Guitar Tone Morphing by Diffusion-based Model

Abstract

In Music Information Retrieval (MIR), modeling and transforming the tone of musical instruments, particularly electric guitars, has gained increasing attention due to the richness of the instrument tone and the flexibility of expression. Tone morphing enables smooth transitions between different guitar sounds, giving musicians greater freedom to explore new textures and personalize their performances. This study explores learning-based approaches for guitar tone morphing, beginning with LoRA fine-tuning to improve the model performance on limited data. Moreover, we introduce a simpler method, named spherical interpolation using Music2Latent. It yields significantly better results than the more complex fine-tuning approach. Experiments show that the proposed architecture generates smoother and more natural tone transitions, making it a practical and efficient tool for music production and real-time audio effects.

Method Overview

We investigate three model variants for guitar tone morphing: two diffusion-based with different LoRA placements and one lightweight latent interpolation, together with standard interpolation operators. Given two input tones, we encode them into latent vectors and interpolate either in latent space to trace a smooth morphing trajectory, then decode to audio. When content preservation is critical, Adaptive Instance Normalization (AdaIN) is optionally applied to align statistics.

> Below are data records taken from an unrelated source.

lemma has_integral_weighted_resolv_tensor:
  assumes "sym_posdef B" "continuous_on {0..} w" "decays 0 w"
  shows "((\<lambda>s. w s *\<^sub>R contr (resolv_tensor B s) X) has_integral
    contr (\<lambda>i j k l. integral {0..} (\<lambda>s. w s * resolv_tensor B s i j k l)) X) {0..}"
proof -
  have "((\<lambda>s. w s * resolv_tensor B s i j k l) has_integral
      integral {0..} (\<lambda>s. w s * resolv_tensor B s i j k l)) {0..}" for i j k l
    using decays_mult[OF assms(3) decays_resolv_tensor[OF assms(1)], unfolded add_0]
    by (intro integrable_integral integrable_on_decays continuous_on_mult assms(2)
        continuous_on_resolv_tensor[OF assms(1)])
  from has_integral_contr[OF this] show ?thesis
    by (simp add: contr_scale)
qed

lemma has_integral_contr_CC:
  assumes "sym_posdef B"
  shows "((\<lambda>s. inv_sqrt_det B s *\<^sub>R contr (resolv_tensor B s) X) has_integral
    (4/3) *\<^sub>R contr (CC B) X) {0..}"
proof -
  have CC: "CC B = (\<lambda>i j k l.
      3/4 * integral {0..} (\<lambda>s. inv_sqrt_det B s * resolv_tensor B s i j k l))"
    by (simp add: fun_eq_iff CC_def inv_sqrt_det_def resolv_tensor_def)
  show ?thesis
    unfolding CC contr_scale
    using has_integral_weighted_resolv_tensor[OF assms continuous_on_inv_sqrt_det[OF assms]
      decays_mono[OF _ decays_inv_sqrt_det[OF assms]]]
    by simp
qed

lemma has_integral_contr_AA:
  assumes "sym_posdef B"
  shows "((\<lambda>s. (s * inv_sqrt_det B s) *\<^sub>R contr (resolv_tensor B s) X) has_integral
    (4/3) *\<^sub>R contr (AA B) X) {0..}"
proof -
  have AA: "AA B = (\<lambda>i j k l.
      3/4 * integral {0..} (\<lambda>s. s * inv_sqrt_det B s * resolv_tensor B s i j k l))"
    by (simp add: fun_eq_iff AA_def inv_sqrt_det_def resolv_tensor_def)
  show ?thesis
    unfolding AA contr_scale
    using has_integral_weighted_resolv_tensor[OF assms
      continuous_on_mult[OF continuous_on_id continuous_on_inv_sqrt_det[OF assms]]
      decays_mult_ident[OF decays_inv_sqrt_det[OF assms, unfolded One_nat_def]]]
    by simp
qed

lemma has_integral_Amat:
  assumes "sym_posdef B"
  shows "((\<lambda>s. inv_sqrt_det B s *\<^sub>R resolv B s) has_integral 2 *\<^sub>R Amat B) {0..}"
proof -
  have "((\<lambda>s. inv_sqrt_det B s * resolv B s $ i $ j) has_integral
      integral {0..} (\<lambda>s. inv_sqrt_det B s * resolv B s $ i $ j)) {0..}" for i j
    using decays_mult[OF decays_inv_sqrt_det[OF assms] decays_resolv_entry[OF assms], unfolded one_add_one]
    by (intro integrable_integral integrable_on_decays continuous_on_mult
        continuous_on_inv_sqrt_det[OF assms] continuous_on_resolv_entry[OF assms])
  then have "((\<lambda>s. inv_sqrt_det B s *\<^sub>R resolv B s) has_integral
      (\<chi> i j. integral {0..} (\<lambda>s. inv_sqrt_det B s * resolv B s $ i $ j))) {0..}"
    by (intro has_integral_matrix_entrywise) simp
  moreover from integral_unique[OF this] have
    "2 *\<^sub>R Amat B = (\<chi> i j. integral {0..} (\<lambda>s. inv_sqrt_det B s * resolv B s $ i $ j))"
    by (simp add: Amat_def inv_sqrt_det_def)
  ultimately show ?thesis by simp
qed

lemma has_integral_Amat_AA_combination:
  assumes "sym_posdef B"
  shows "((\<lambda>s. (1/2) *\<^sub>R (trace M *\<^sub>R (inv_sqrt_det B s *\<^sub>R resolv B s)
      + M ** (inv_sqrt_det B s *\<^sub>R resolv B s) + (inv_sqrt_det B s *\<^sub>R resolv B s) ** transpose M)
      - (3/2) *\<^sub>R ((s * inv_sqrt_det B s) *\<^sub>R contr (resolv_tensor B s) M)) has_integral
    trace M *\<^sub>R Amat B + M ** Amat B + Amat B ** transpose M - 2 *\<^sub>R contr (AA B) M) {0..}"
proof -
  have total: "(1/2) *\<^sub>R (trace M *\<^sub>R (2 *\<^sub>R Amat B) + M ** (2 *\<^sub>R Amat B)
      + (2 *\<^sub>R Amat B) ** transpose M) - (3/2) *\<^sub>R ((4/3) *\<^sub>R contr (AA B) M)
    = trace M *\<^sub>R Amat B + M ** Amat B + Amat B ** transpose M - 2 *\<^sub>R contr (AA B) M"
    by (simp add: matrix_scalar_ac scaleR_add_right flip: scalar_matrix_assoc)
  show ?thesis
    unfolding total[symmetric] using has_integral_Amat[OF assms] has_integral_contr_AA[OF assms]
    by (intro has_integral_diff has_integral_cmul has_integral_add has_integral_matrix_mult_left
        has_integral_matrix_mult_right)
qed

theorem mainTheorem4:
  fixes B M :: "real^3^3"
  assumes "sym_posdef B"
  shows "contr (CC B) (B ** M + transpose M ** B)
    = trace M *\<^sub>R Amat B + M ** Amat B + Amat B ** transpose M - 2 *\<^sub>R contr (AA B) M"
proof -
  let ?X = "B ** M + transpose M ** B"
  let ?integrand = "\<lambda>s. (3/4) *\<^sub>R (inv_sqrt_det B s *\<^sub>R contr (resolv_tensor B s) ?X)"
  have lhs: "(?integrand has_integral contr (CC B) ?X) {0..}"
    using has_integral_cmul[OF has_integral_contr_CC[OF assms], of "3/4"] by simp
  have rhs: "(?integrand has_integral
      trace M *\<^sub>R Amat B + M ** Amat B + Amat B ** transpose M - 2 *\<^sub>R contr (AA B) M) {0..}"
  proof (rule has_integral_eq[OF _ has_integral_Amat_AA_combination[OF assms]])
    fix s :: real assume "s \<in> {0..}"
    then show "(1/2) *\<^sub>R (trace M *\<^sub>R (inv_sqrt_det B s *\<^sub>R resolv B s)
        + M ** (inv_sqrt_det B s *\<^sub>R resolv B s) + (inv_sqrt_det B s *\<^sub>R resolv B s) ** transpose M)
        - (3/2) *\<^sub>R ((s * inv_sqrt_det B s) *\<^sub>R contr (resolv_tensor B s) M) = ?integrand s"
      using arg_cong[OF contr_resolv_tensor_identity[OF assms, of s M], of "scaleR (inv_sqrt_det B s)"]
      by (simp add: algebra_simps matrix_scalar_ac scalar_matrix_assoc)
  qed
  show ?thesis
    using lhs rhs by (rule has_integral_unique)
qed

end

A. Single-Sided LoRA Fine-Tuning

Built on an AudioLDM-style pipeline, this variant uses textual inversion to enrich prompts and then applies LoRA fine-tuning to the conditional U-Net (decoder side) to better align text embeddings with latent features. The unconditional U-Net is independently fine-tuned with a small LoRA rank (e.g., 2) without textual input. At inference time, we perform SLERP on the latent vectors of the two input tones and LERP on their text embeddings. The interpolated representation is then decoded through the unconditional U-Net, the VAE, and the vocoder. Only the decoder is adapted; the encoder remains frozen, enabling expressive tone blending while limiting content drift.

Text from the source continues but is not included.